Autre sujet épineux. Avant même la question de la succession, le département peut solliciter les obligés alimentaires. L'obligation alimentaire, inscrite aux articles 205 à 207 du Code civil, concerne les enfants, les petits-enfants, et même les gendres et belles-filles (tant que le mariage subsiste).

Quand une personne âgée demande l'ASH, le conseil départemental évalue les ressources de chaque obligé alimentaire. Un barème - propre à chaque département - détermine la contribution attendue. Les familles aux revenus modestes sont souvent exemptées.

Ce mécanisme en a surpris plus d'un. Vous pensiez que votre parent recevait une aide « gratuite » ? Le département peut vous demander de contribuer avant d'accorder l'ASH. D'ailleurs, on le voit souvent, des fratries se retrouvent en conflit à ce sujet - chacun estimant que l'autre devrait payer davantage. Pas très joyeux, mais c'est la réalité.

Deux exceptions à garder en tête : l'obligation alimentaire ne s'applique pas si le parent a été déchu de l'autorité parentale, ni si l'enfant a été retiré de son foyer avant ses 16 ans. Ces situations sont évaluées au cas par cas.

Conditions d'attribution de l'aide sociale en EHPAD

Pour bénéficier de l'aide sociale à l'hébergement, le résident doit avoir plus de 65 ans (ou 60 ans en cas d'inaptitude au travail) et ses ressources doivent être insuffisantes pour couvrir le tarif de l'établissement.

Point qui mérite votre attention : l'EHPAD doit être habilité à recevoir des bénéficiaires de l'aide sociale. Tous ne le sont pas - vérifiez avant l'admission. Les établissements privés à but lucratif sont rarement habilités, contrairement aux structures publiques et associatives.
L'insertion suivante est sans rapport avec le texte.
(* There is no finite T2R semigroup.
   Context: A semigroup $S$ is a $\Delta$-semigroup if the lattice of all congruences of $S$ is a chain with respect to inclusion. A semigroup $N$ with zero $0$ is nil if every element has some power equal to $0$; non-trivial means having more than one element. A T2R semigroup is a $\Delta$-semigroup $S$ which is the disjoint union of a non-trivial nil ideal $S_0$ (with zero $0$, which is then the zero of $S$) and a subsemigroup $S_1=\{u,v\}$, $u\neq v$, which is a right zero semigroup ($xy=y$ for $x,y\in S_1$). *)

theory Defs
  imports Main
begin

definition semigroup_on :: "'a set \<Rightarrow> ('a \<Rightarrow> 'a \<Rightarrow> 'a) \<Rightarrow> bool" where
  "semigroup_on S m \<longleftrightarrow>
     (\<forall>x\<in>S. \<forall>y\<in>S. m x y \<in> S) \<and>
     (\<forall>x\<in>S. \<forall>y\<in>S. \<forall>z\<in>S. m (m x y) z = m x (m y z))"

definition congruence_on :: "'a set \<Rightarrow> ('a \<Rightarrow> 'a \<Rightarrow> 'a) \<Rightarrow> 'a rel \<Rightarrow> bool" where
  "congruence_on S m R \<longleftrightarrow> equiv S R \<and>
     (\<forall>a\<in>S. \<forall>b\<in>S. \<forall>c\<in>S. (a, b) \<in> R \<longrightarrow> (m c a, m c b) \<in> R \<and> (m a c, m b c) \<in> R)"

definition delta_semigroup :: "'a set \<Rightarrow> ('a \<Rightarrow> 'a \<Rightarrow> 'a) \<Rightarrow> bool" where
  "delta_semigroup S m \<longleftrightarrow> semigroup_on S m \<and>
     (\<forall>R1 R2. congruence_on S m R1 \<and> congruence_on S m R2 \<longrightarrow> R1 \<subseteq> R2 \<or> R2 \<subseteq> R1)"

text \<open>Positive powers: spow m x n = x^(n+1).\<close>

fun spow :: "('a \<Rightarrow> 'a \<Rightarrow> 'a) \<Rightarrow> 'a \<Rightarrow> nat \<Rightarrow> 'a" where
  "spow m x 0 = x"
| "spow m x (Suc n) = m x (spow m x n)"

definition nil_with_zero :: "'a set \<Rightarrow> ('a \<Rightarrow> 'a \<Rightarrow> 'a) \<Rightarrow> 'a \<Rightarrow> bool" where
  "nil_with_zero N m z \<longleftrightarrow> z \<in> N \<and>
     (\<forall>x\<in>N. m z x = z \<and> m x z = z) \<and>
     (\<forall>x\<in>N. \<exists>n. spow m x n = z)"

definition ideal_on :: "'a set \<Rightarrow> ('a \<Rightarrow> 'a \<Rightarrow> 'a) \<Rightarrow> 'a set \<Rightarrow> bool" where
  "ideal_on S m I \<longleftrightarrow> I \<subseteq> S \<and> I \<noteq> {} \<and>
     (\<forall>s\<in>S. \<forall>x\<in>I. m s x \<in> I \<and> m x s \<in> I)"

definition T2R :: "'a set \<Rightarrow> ('a \<Rightarrow> 'a \<Rightarrow> 'a) \<Rightarrow> bool" where
  "T2R S m \<longleftrightarrow> delta_semigroup S m \<and>
     (\<exists>S0 z u v. S = S0 \<union> {u, v} \<and> S0 \<inter> {u, v} = {} \<and> u \<noteq> v \<and>
        ideal_on S m S0 \<and> nil_with_zero S0 m z \<and> (\<exists>x\<in>S0. x \<noteq> z) \<and>
        (\<forall>x\<in>{u, v}. \<forall>y\<in>{u, v}. m x y = y))"

end

theory Submission
  imports Defs
begin

text \<open>
  Since the ideals of a \<open>\<Delta>\<close>-semigroup form a chain and \<open>S\<close> is
  finite, \<open>S\<^sub>0\<close> has a largest proper subideal \<open>M\<close>; it contains \<open>S\<^sub>0\<^sup>2\<close>, which is proper
  because a finite nil semigroup equal to its own square is trivial. Every \<open>a \<in> S\<^sub>0 - M\<close>
  generates \<open>S\<^sub>0\<close> as an ideal, and as products inside \<open>S\<^sub>0\<close> fall into \<open>M\<close>, all of
  \<open>S\<^sub>0 - M\<close> is reached from \<open>a\<close> by multiplying with \<open>u\<close> and \<open>v\<close>. This forces the
  partition \<open>{M, S\<^sub>0 - M, {u, v}}\<close> to be a congruence. It is incomparable with the Rees
  congruence of \<open>S\<^sub>0\<close>, which separates \<open>u\<close> from \<open>v\<close> but collapses \<open>S\<^sub>0\<close>.
\<close>

definition kernel_rel :: "'a set \<Rightarrow> ('a \<Rightarrow> 'b) \<Rightarrow> 'a rel" where
  "kernel_rel S f = {(a, b). a \<in> S \<and> b \<in> S \<and> f a = f b}"

definition rees_rel :: "'a set \<Rightarrow> 'a set \<Rightarrow> 'a rel" where
  "rees_rel S I = kernel_rel S (\<lambda>a. if a \<in> I then None else Some a)"

definition principal_ideal :: "'a set \<Rightarrow> ('a \<Rightarrow> 'a \<Rightarrow> 'a) \<Rightarrow> 'a \<Rightarrow> 'a set" where
  "principal_ideal S m a =
     {a} \<union> {m s a |s. s \<in> S} \<union> {m a t |t. t \<in> S} \<union> {m (m s a) t |s t. s \<in> S \<and> t \<in> S}"

lemma kernel_rel_congruence:
  assumes closed: "\<forall>x\<in>S. \<forall>y\<in>S. m x y \<in> S"
    and compat: "\<And>a b c. a \<in> S \<Longrightarrow> b \<in> S \<Longrightarrow> c \<in> S \<Longrightarrow> f a = f b \<Longrightarrow>
                   f (m c a) = f (m c b) \<and> f (m a c) = f (m b c)"
  shows "congruence_on S m (kernel_rel S f)"
proof -
  have "equiv S (kernel_rel S f)"
    unfolding kernel_rel_def equiv_def refl_on_def sym_def trans_def by auto
  moreover have "(m c a, m c b) \<in> kernel_rel S f \<and> (m a c, m b c) \<in> kernel_rel S f"
    if "a \<in> S" "b \<in> S" "c \<in> S" "(a, b) \<in> kernel_rel S f" for a b c
    using that closed compat[of a b c] unfolding kernel_rel_def by blast
  ultimately show ?thesis
    unfolding congruence_on_def by blast
qed

lemma rees_rel_congruence:
  assumes "semigroup_on S m" and "ideal_on S m I"
  shows "congruence_on S m (rees_rel S I)"
  unfolding rees_rel_def
proof (rule kernel_rel_congruence)
  show "\<forall>x\<in>S. \<forall>y\<in>S. m x y \<in> S"
    using assms(1) unfolding semigroup_on_def by blast
  have I_mult: "\<And>s x. s \<in> S \<Longrightarrow> x \<in> I \<Longrightarrow> m s x \<in> I \<and> m x s \<in> I"
    using assms(2) unfolding ideal_on_def by blast
  fix a b c
  assume c: "c \<in> S" and "(if a \<in> I then None else Some a) = (if b \<in> I then None else Some b)"
  then consider "a = b" | "a \<in> I" "b \<in> I"
    by (metis option.distinct(1) option.inject)
  then show "(if m c a \<in> I then None else Some (m c a)) = (if m c b \<in> I then None else Some (m c b)) \<and>
      (if m a c \<in> I then None else Some (m a c)) = (if m b c \<in> I then None else Some (m b c))"
    by cases (simp_all add: I_mult c)
qed

lemma rees_rel_subset_imp_subset:
  assumes sub: "rees_rel S I \<subseteq> rees_rel S J" and "I \<subseteq> S" and c: "c \<in> I" "c \<in> J"
  shows "I \<subseteq> J"
proof
  fix a assume "a \<in> I"
  then have "(a, c) \<in> rees_rel S I"
    using assms by (auto simp: rees_rel_def kernel_rel_def)
  then have "(a, c) \<in> rees_rel S J"
    using sub by blast
  then show "a \<in> J"
    using c by (auto simp: rees_rel_def kernel_rel_def split: if_splits)
qed

lemma ideals_intersect:
  assumes "ideal_on S m I" and "ideal_on S m J"
  shows "I \<inter> J \<noteq> {}"
proof -
  obtain a b where "a \<in> I" "b \<in> J"
    using assms unfolding ideal_on_def by blast
  then have "m a b \<in> I \<inter> J"
    using assms unfolding ideal_on_def by blast
  then show ?thesis by blast
qed

lemma delta_semigroup_ideals_chain:
  assumes "delta_semigroup S m" and I: "ideal_on S m I" and J: "ideal_on S m J"
  shows "I \<subseteq> J \<or> J \<subseteq> I"
proof -
  obtain c where c: "c \<in> I" "c \<in> J"
    using ideals_intersect[OF I J] by blast
  have "rees_rel S I \<subseteq> rees_rel S J \<or> rees_rel S J \<subseteq> rees_rel S I"
    using assms rees_rel_congruence unfolding delta_semigroup_def by blast
  moreover have "I \<subseteq> S" "J \<subseteq> S"
    using I J unfolding ideal_on_def by blast+
  ultimately show ?thesis
    using rees_rel_subset_imp_subset c by metis
qed

lemma principal_ideal_ideal:
  assumes sg: "semigroup_on S m" and a: "a \<in> S"
  shows "ideal_on S m (principal_ideal S m a)"
proof -
  have closed: "\<And>x y. x \<in> S \<Longrightarrow> y \<in> S \<Longrightarrow> m x y \<in> S"
    and assoc: "\<And>x y w. x \<in> S \<Longrightarrow> y \<in> S \<Longrightarrow> w \<in> S \<Longrightarrow> m (m x y) w = m x (m y w)"
    using sg unfolding semigroup_on_def by blast+
  have "m s y \<in> principal_ideal S m a \<and> m y s \<in> principal_ideal S m a"
    if s: "s \<in> S" and y: "y \<in> principal_ideal S m a" for s y
  proof -
    from y consider "y = a" | s' where "s' \<in> S" "y = m s' a" | t where "t \<in> S" "y = m a t"
      | s' t where "s' \<in> S" "t \<in> S" "y = m (m s' a) t"
      unfolding principal_ideal_def by blast
    then show ?thesis
    proof cases
      case 1
      then show ?thesis unfolding principal_ideal_def using s by blast
    next
      case (2 s')
      then have "m s y = m (m s s') a" "m s s' \<in> S"
        using assoc closed s a by auto
      then show ?thesis unfolding principal_ideal_def using s 2 by blast
    next
      case (3 t)
      then have "m s y = m (m s a) t" "m y s = m a (m t s)" "m t s \<in> S"
        using assoc closed s a by auto
      then show ?thesis unfolding principal_ideal_def using s 3 by blast
    next
      case (4 s' t)
      then have "m s y = m (m (m s s') a) t" "m y s = m (m s' a) (m t s)"
        and "m s s' \<in> S" "m t s \<in> S"
        using assoc closed s a by auto
      then show ?thesis unfolding principal_ideal_def using s 4 by blast
    qed
  qed
  moreover have "principal_ideal S m a \<subseteq> S"
    unfolding principal_ideal_def using a closed by blast
  ultimately show ?thesis
    unfolding ideal_on_def principal_ideal_def by blast
qed

lemma principal_ideal_least:
  assumes "ideal_on S m I" and "a \<in> I"
  shows "principal_ideal S m a \<subseteq> I"
  using assms unfolding ideal_on_def principal_ideal_def by blast

lemma spow_closed:
  assumes "\<forall>x\<in>N. \<forall>y\<in>N. m x y \<in> N" and "x \<in> N"
  shows "spow m x n \<in> N"
  using assms by (induction n) auto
Le bénéficiaire de l'ASH reverse 90 % de ses revenus (retraite, pensions) à l'établissement. Il conserve le « reste à vivre » - fixé à 1 % du montant annuel de l'ASPA, soit environ 115 euros par mois en 2025. Autant dire que c'est serré. Le département couvre la différence.

Pour l'APA en établissement, il faudra être classé en GIR 1 à 4 (perte d'autonomie avérée). Le montant dépend du GIR et des ressources. Bonne nouvelle : pas de condition d'habilitation pour l'APA, tous les EHPAD sont concernés.

Démarches pour obtenir les aides sociales non remboursables

La demande d'APA se dépose auprès du conseil départemental du lieu de résidence. Vous pouvez retirer le dossier au CCAS, au CLIC (centre local d'information et de coordination), ou directement au conseil départemental.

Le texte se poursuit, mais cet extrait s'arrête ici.